The district court concluded that the fiduciary duty (set forth in 29 U.S.C.A. § 1104) applied to the Trustees' amendment to the Pension Fund plan, which provided for the additional $100 per month payment. It determined that the Trustees had failed to act with the duty and loyalty required of a fiduciary. In the view of the district court, under either the "prudent person" or the "arbitrary and capricious" standard of review, the Trustees' actions were improper. The court based its decision largely on a perceived difference between multi- and single-employer plans, citing dicta in Siskind v. Sperry Retirement Program, Unisys, 47 F.3d 498, 506 (2d Cir.1995). Siskind states that multi-employer plans differ from single-employer plans on the issue of fiduciary obligations. As the Second Circuit explained:

The cases holding plan amendment to be an administrative and fiduciary task concern multiemployer pension plans, jointly administered by trustees representing the employers and trustees appointed by and representing the union. In the multiemployer setting, trustees amending a pension plan affect the allocation of a finite plan asset pool .... For that reason trustees administering a multiemployer plan are expected to act solely for the benefit of beneficiaries and are barred from acting on the employers' behalf.

Id. (emphasis added) (citations and internal quotations omitted). In contrast, the employer sponsoring a single-employer plan, "must have latitude in the sound management of its business to determine the benefits it will guarantee." Id. at 505 (citing Johnson v. Georgia-Pacific Corp., 19 F.3d 1184, 1188 (7th Cir.1994)).

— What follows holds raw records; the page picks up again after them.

lemma code_poly_add:
  "code_poly q n s \<gamma> (a + a') (b + b') (\<lambda>i. c i + c' i)
    = (\<lambda>x. code_poly q n s \<gamma> a b c x + code_poly q n s \<gamma> a' b' c' x)"
proof -
  have "frob q n k (y + z) = frob q n k y + frob q n k (z::'a)" for k y z
    by (simp add: frob_def power_q_power_add)
  hence "code_coeff q n s \<gamma> (a + a') (b + b') (\<lambda>i. c i + c' i) j
      = code_coeff q n s \<gamma> a b c j + code_coeff q n s \<gamma> a' b' c' j" for j
    by (simp add: code_coeff_def distrib_right)
  thus ?thesis
    by (intro ext) (simp add: code_poly_def distrib_right sum.distrib)
qed

lemma code_poly_restrict:
  "code_poly q n s \<gamma> a b c = code_poly q n s \<gamma> a b (restrict c {1..(n - 3) div 2})"
proof -
  define m where "m = (n - 3) div 2"
  have "code_coeff q n s \<gamma> a b c j = code_coeff q n s \<gamma> a b (restrict c {1..m}) j"
    if "j \<in> {1..n}" for j
    using that n_eq by (auto simp: code_coeff_def m_def[symmetric])
  thus ?thesis
    unfolding code_poly_def m_def by (intro ext sum.cong) simp_all
qed

lemma zero_in_Htilde: "(\<lambda>x. 0) \<in> Htilde q n s \<gamma>"
proof -
  have "(\<lambda>x. 0) = code_poly q n s \<gamma> 0 0 (\<lambda>_. 0)"
    using q_gt1 by (intro code_poly_zero[symmetric]) simp
  moreover have "(0::'a) \<in> subfield_el (q ^ n)"
    using q_gt1 by (simp add: subfield_el_def)
  ultimately show ?thesis
    unfolding Htilde_eq_code_poly[OF n_eq] by blast
qed

lemma add_in_Htilde:
  assumes "f \<in> Htilde q n s \<gamma>" "g \<in> Htilde q n s \<gamma>"
  shows "(\<lambda>x. f x + g x) \<in> Htilde q n s \<gamma>"
proof -
  obtain a b c a' b' c' where
    f: "f = code_poly q n s \<gamma> a b c" "a \<in> subfield_el (q ^ n)" "b \<in> subfield_el (q ^ n)" and
    g: "g = code_poly q n s \<gamma> a' b' c'" "a' \<in> subfield_el (q ^ n)" "b' \<in> subfield_el (q ^ n)"
    using assms unfolding Htilde_eq_code_poly[OF n_eq] by blast
  have "(\<lambda>x. f x + g x) = code_poly q n s \<gamma> (a + a') (b + b') (\<lambda>i. c i + c' i)"
    unfolding f g code_poly_add ..
  moreover have "a + a' \<in> subfield_el (q ^ n)" "b + b' \<in> subfield_el (q ^ n)"
    using f g by (simp_all add: subfield_el_add)
  ultimately show ?thesis
    unfolding Htilde_eq_code_poly[OF n_eq] by blast
qed

lemma scale_in_Htilde:
  assumes "t \<in> subfield_el q" "f \<in> Htilde q n s \<gamma>"
  shows "(\<lambda>x. t * f x) \<in> Htilde q n s \<gamma>"
proof -
  obtain a b c where
    f: "f = code_poly q n s \<gamma> a b c" "a \<in> subfield_el (q ^ n)" "b \<in> subfield_el (q ^ n)"
    using assms(2) unfolding Htilde_eq_code_poly[OF n_eq] by blast
  have t: "t ^ q = t"
    using assms(1) by (simp add: subfield_el_def)
  have "(\<lambda>x. t * f x) = code_poly q n s \<gamma> (t * a) (t * b) (\<lambda>i. t * c i)"
    unfolding f code_poly_scale[OF t] ..
  moreover have "t * a \<in> subfield_el (q ^ n)" "t * b \<in> subfield_el (q ^ n)"
    using f subfield_el_scale[OF t] by simp_all
  ultimately show ?thesis
    unfolding Htilde_eq_code_poly[OF n_eq] by blast
qed

lemma Htilde_eq_image: "Htilde q n s \<gamma> = (\<lambda>(a, b, c). code_poly q n s \<gamma> a b c) ` code_params q n"
proof (intro equalityI subsetI)
  fix f assume "f \<in> Htilde q n s \<gamma>"
  then obtain a b c where "f = code_poly q n s \<gamma> a b c" "a \<in> subfield_el (q ^ n)" "b \<in> subfield_el (q ^ n)"
    unfolding Htilde_eq_code_poly[OF n_eq] by blast
  thus "f \<in> (\<lambda>(a, b, c). code_poly q n s \<gamma> a b c) ` code_params q n"
    using code_poly_restrict unfolding code_params_def
    by (intro image_eqI[of _ _ "(a, b, restrict c {1..(n - 3) div 2})"]) auto
qed (auto simp: Htilde_eq_code_poly[OF n_eq] code_params_def)

lemma inj_on_code_poly:
  assumes "\<gamma> \<noteq> 0"
  shows "inj_on (\<lambda>(a, b, c). code_poly q n s \<gamma> a b c) (code_params q n)"
proof (rule inj_onI)
  fix u v
  assume "u \<in> code_params q n" "v \<in> code_params q n"
    "(\<lambda>(a, b, c). code_poly q n s \<gamma> a b c) u = (\<lambda>(a, b, c). code_poly q n s \<gamma> a b c) v"
  then obtain a b c a' b' c' where uv: "u = (a, b, c)" "v = (a', b', c')"
    and c: "c \<in> PiE {1..(n - 3) div 2} (\<lambda>_. UNIV)" "c' \<in> PiE {1..(n - 3) div 2} (\<lambda>_. UNIV)"
    and eq: "code_poly q n s \<gamma> a b c = code_poly q n s \<gamma> a' b' c'"
    by (auto simp: code_params_def)
  define m where "m = (n - 3) div 2"
  have n: "n = 2 * m + 3"
    using n_eq by (simp add: m_def)
  have coeff: "code_coeff q n s \<gamma> a b c j = code_coeff q n s \<gamma> a' b' c' j" if "j \<in> {1..n}" for j
    using code_coeff_unique[OF eq that] .
  have "a * \<gamma> = a' * \<gamma>" "b = b'"
    using coeff[of "m + 1"] coeff[of "m + 2"] n unfolding code_coeff_eq(1,2)[OF n] by simp_all
  moreover have "c = c'"
  proof (rule PiE_ext[OF c])
    fix i assume i: "i \<in> {1..(n - 3) div 2}"
    thus "c i = c' i"
      using coeff[of i] n unfolding m_def[symmetric] code_coeff_eq(4)[OF n i[folded m_def]] by simp
  qed
  ultimately show "u = v"
    using assms uv by simp
qed

lemma card_code_params: "card (code_params q n :: ('a \<times> 'a \<times> (nat \<Rightarrow> 'a)) set) = q ^ (n * (n - 1))"
proof -
  have "card (code_params q n :: ('a \<times> 'a \<times> (nat \<Rightarrow> 'a)) set)
      = q ^ n * (q ^ n * (q ^ (2 * n)) ^ ((n - 3) div 2))"
    by (simp add: code_params_def card_cartesian_product card_PiE card_subfield_el card_field)
  also have "\<dots> = q ^ (n * (n - 1))"
  proof -
    define m where "m = (n - 3) div 2"
    have "n * (n - 1) = n + (n + 2 * n * m)"
      using n_eq by (simp add: m_def[symmetric] algebra_simps)
    thus ?thesis
      unfolding m_def[symmetric] by (simp only: power_add power_mult)
  qed
  finally show ?thesis .
qed

lemma card_Htilde: "\<gamma> \<noteq> 0 \<Longrightarrow> card (Htilde q n s \<gamma>) = q ^ (n * (n - 1))"
  by (simp add: Htilde_eq_image card_image inj_on_code_poly card_code_params)

lemma hrank_lt_2_normq_code_coeff_eq:
  assumes "hrank q (code_poly q n s \<gamma> a b c) < 2" "i \<in> {1..n}" "j \<in> {1..n}"
  shows "normq q n (code_coeff q n s \<gamma> a b c i) = normq q n (code_coeff q n s \<gamma> a b c j)"
proof -
  have "hrank q (lin_poly q n (code_lin_coeff q n s \<gamma> a b c)) < 2"
    using assms(1) by (simp add: code_poly_eq_lin_poly[OF n_pos])
  hence "normq q n (code_lin_coeff q n s \<gamma> a b c (frob_exp n s i))
      = normq q n (code_lin_coeff q n s \<gamma> a b c (frob_exp n s j))"
    by (rule hrank_lt_2_normq_coeff_eq) (simp_all add: even_frob_exp frob_exp_less n_pos)
  thus ?thesis
    unfolding code_lin_coeff_frob_exp[OF s_coprime assms(2)] code_lin_coeff_frob_exp[OF s_coprime assms(3)] .
qed

lemma hrank_ge_2_of_Htilde:
  assumes nonsq: "\<not> (\<exists>y::'a. y ^ q = y \<and> y ^ 2 = normq q n \<gamma>)"
    and f: "f \<in> Htilde q n s \<gamma>" "f \<noteq> (\<lambda>x. 0)"
  shows "2 \<le> hrank q f"
proof (rule ccontr)
  assume "\<not> 2 \<le> hrank q f"
  define m where "m = (n - 3) div 2"
  have n: "n = 2 * m + 3" and m1: "m + 1 \<in> {1..n}" and m2: "m + 2 \<in> {1..n}"
    using n_eq by (simp_all add: m_def)
  obtain a b c where f_eq: "f = code_poly q n s \<gamma> a b c"
    and a: "a \<in> subfield_el (q ^ n)" and b: "b \<in> subfield_el (q ^ n)"
    using f(1) unfolding Htilde_eq_code_poly[OF n] by blast
  have same_norm: "normq q n (code_coeff q n s \<gamma> a b c j) = normq q n (a * \<gamma>)" if "j \<in> {1..n}" for j
    using hrank_lt_2_normq_code_coeff_eq[OF _ that m1] \<open>\<not> 2 \<le> hrank q f\<close>
    unfolding f_eq code_coeff_eq(1)[OF n] by simp
  have "a = 0"
    using eq_0_of_normq_eq_mult_nonsquare[OF nonsq a b] same_norm[OF m2]
    unfolding code_coeff_eq(2)[OF n] by blast
  hence "code_coeff q n s \<gamma> a b c j = 0" if "j \<in> {1..n}" for j
    using same_norm[OF that] normq_eq_0_iff by (metis mult_zero_left)
  hence "f = (\<lambda>x. 0)"
    by (simp add: f_eq code_poly_def fun_eq_iff)
  with f(2) show False ..
qed

end

theorem theorem6p2:
  fixes q n :: nat and s :: int and \<gamma> :: "'a::{field,finite}"
  assumes q_pp: "\<exists>p k. prime p \<and> k > 0 \<and> q = p ^ k"
    and q_odd: "odd q"
    and n_ge: "n \<ge> 3" and n_odd: "odd n"
    and s_cop: "gcd s (2 * int n) = 1"
    and card_field: "CARD('a) = q ^ (2 * n)"
    and nonsq: "\<not> (\<exists>y::'a. y ^ q = y \<and> y ^ 2 = normq q n \<gamma>)"
  shows "(\<lambda>x. 0) \<in> Htilde q n s \<gamma>
    \<and> (\<forall>f\<in>Htilde q n s \<gamma>. \<forall>g\<in>Htilde q n s \<gamma>. (\<lambda>x. f x + g x) \<in> Htilde q n s \<gamma>)
    \<and> (\<forall>t\<in>subfield_el q. \<forall>f\<in>Htilde q n s \<gamma>. (\<lambda>x. t * f x) \<in> Htilde q n s \<gamma>)
    \<and> card (Htilde q n s \<gamma>) = q ^ (n * (n - 1))
    \<and> (\<forall>f\<in>Htilde q n s \<gamma>. f \<noteq> (\<lambda>x. 0) \<longrightarrow> hrank q f \<ge> 2)"
proof -
  obtain p k where p: "prime p" "0 < k" "q = p ^ k"
    using q_pp by blast
  have q_gt1: "1 < q"
    using p prime_gt_1_nat one_less_power by blast
  have "CHAR('a) = p"
    using p n_ge card_field
    by (intro CHAR_eq_of_card_eq_prime_power[of p "k * (2 * n)"]) (simp_all add: power_mult)
  hence power_q_add: "(x + y) ^ q = x ^ q + y ^ q" for x y :: 'a
    using p by (intro freshmans_dream') simp_all
  interpret Htilde_code q n s \<gamma>
    using q_gt1 n_ge card_field power_q_add n_odd s_cop by unfold_locales simp_all
  have "\<gamma> \<noteq> 0"
  proof
    assume "\<gamma> = 0"
    hence "(0::'a) ^ q = 0 \<and> 0 ^ 2 = normq q n \<gamma>"
      using q_gt1 normq_eq_0_iff by simp
    thus False
      using nonsq by blast
  qed
  show ?thesis
    using zero_in_Htilde add_in_Htilde scale_in_Htilde card_Htilde[OF \<open>\<gamma> \<noteq> 0\<close>]
      hrank_ge_2_of_Htilde[OF nonsq] by blast
qed

end
lemma point_or_cell_shape:
  assumes "presburger_model M"
    and "(\<exists>p. defset M \<phi> a = {p}) \<or> bounded_1cell M (defset M \<phi> a)"
  obtains \<alpha> \<beta> C m where "fv C \<subseteq> {0}"
    and "defset M \<phi> a = {x. ple M \<alpha> x \<and> ple M x \<beta> \<and> sat M UNIV (a(0 := x)) C}"
    and "m \<in> defset M \<phi> a" and "\<forall>x \<in> defset M \<phi> a. ple M x m"
  using assms(2)
proof
  assume "\<exists>p. defset M \<phi> a = {p}"
  then obtain p where p: "defset M \<phi> a = {p}"
    by blast
  then have "defset M \<phi> a = {x. ple M p x \<and> ple M x p \<and> sat M UNIV (a(0 := x)) FTrue}"
    using ple_antisym[OF assms(1)] ple_refl[of M p] by auto
  then show thesis
    using p ple_refl[of M p] by (intro that[of FTrue p p p]) auto
next
  assume "bounded_1cell M (defset M \<phi> a)"
  then obtain \<alpha> \<beta> N c where "defset M \<phi> a \<noteq> {}"
    and X: "defset M \<phi> a = {x. ple M \<alpha> x \<and> ple M x \<beta> \<and> pcong M N x (num_elem M c)}"
    unfolding bounded_1cell_def by fastforce
  then obtain x where "sat M UNIV (a(0 := x)) \<phi>"
    by (auto simp: defset_def)
  moreover have "\<forall>z. sat M UNIV (a(0 := z)) \<phi> \<longrightarrow> ple_dir M False \<beta> z"
    using X by (auto simp: defset_def ple_dir_def)
  ultimately obtain m where "sat M UNIV (a(0 := m)) (extremum_fm False \<phi>)"
    using definable_extremum_exists[OF assms(1)] by blast
  then have "m \<in> defset M \<phi> a" "\<forall>x \<in> defset M \<phi> a. ple M x m"
    by (auto simp: sat_extremum_fm defset_def ple_dir_def)
  moreover have "defset M \<phi> a =
      {x. ple M \<alpha> x \<and> ple M x \<beta> \<and> sat M UNIV (a(0 := x)) (Cong N (Var 0) (num_trm c))}"
    using X by (simp add: tval_num_trm)
  ultimately show thesis
    by (intro that[of "Cong N (Var 0) (num_trm c)"]) (simp_all add: fvt_num_trm)
qed

definition type_over :: "'a pstruct \<Rightarrow> 'a set \<Rightarrow> nat \<Rightarrow> (nat \<Rightarrow> 'a) \<Rightarrow> (fm \<times> (nat \<Rightarrow> 'a)) set" where
  "type_over M S k a =
     {(\<psi>, e). (\<forall>n \<in> fv \<psi> - {1..k}. e n \<in> S) \<and> sat M UNIV (override_on e a {1..k}) \<psi>}"

lemma params_in_type_over: "params_in S k (type_over M S k a)"
  by (auto simp: params_in_def type_over_def)

lemma realises_type_over: "realises M k a (type_over M S k a)"
  by (auto simp: realises_def type_over_def)

lemma same_type_if_realises_type_over:
  assumes "realises M k b (type_over M S k a)"
  shows "same_type M S k a b"
  unfolding same_type_def
proof (intro allI impI)
  fix \<psi> e
  assume params: "\<forall>n \<in> fv \<psi> - {1..k}. e n \<in> S"
  have "sat M UNIV (override_on e b {1..k}) \<chi>"
    if "fv \<chi> = fv \<psi>" and "sat M UNIV (override_on e a {1..k}) \<chi>" for \<chi>
  proof -
    have "{(\<chi>, e)} \<subseteq> type_over M S k a"
      using that params by (simp add: type_over_def)
    from realises_mono[OF assms this] show ?thesis
      by simp
  qed
  from this[of \<psi>] this[of "Not \<psi>"]
  show "sat M UNIV (override_on e a {1..k}) \<psi> \<longleftrightarrow> sat M UNIV (override_on e b {1..k}) \<psi>"
    by auto
qed

text \<open>The second copy of \<open>\<phi>\<close> reads its parameters from the variables \<open>k+1..2k\<close>, which the assignment
  \<open>\<lambda>n. a (n - k)\<close> fills with \<open>a\<close>.\<close>
definition disjointness_fm :: "nat \<Rightarrow> fm \<Rightarrow> fm" where
  "disjointness_fm k \<phi> = Not (Ex 0 (And \<phi> (rename (\<lambda>n. if n = 0 then 0 else n + k) \<phi>)))"

lemma inj_shift_params: "inj (\<lambda>n::nat. if n = 0 then 0 else n + k)"
  by (auto simp: inj_def)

The court then held, "to the extent [the trustees' actions are] not regulated by ERISA, they may act without invoking their fiduciary duties to plan beneficiaries." Id. at 507.

B.

Arguments are advanced by both parties concerning whether the Siskind approach (analyzing single- and multiemployer cases differently) has been made obsolete by the Supreme Court's recent decision in Lockheed Corp. v. Spink, 517 U.S. 882, 116 S.Ct. 1783, 135 L.Ed.2d 153 (1996), which was filed after the district court entered the appealed-from order. In Lockheed, the Supreme Court explained that:

Plan sponsors who alter the terms of a plan do not fall into the category of fiduciaries. As we said with respect to the amendment of welfare benefit plans ... "[e]mployers or other plan sponsors are generally free under ERISA, for any reason at any time, to adopt, modify, or terminate welfare plans." When employers undertake those actions, they do not act as fiduciaries, but are analogous to...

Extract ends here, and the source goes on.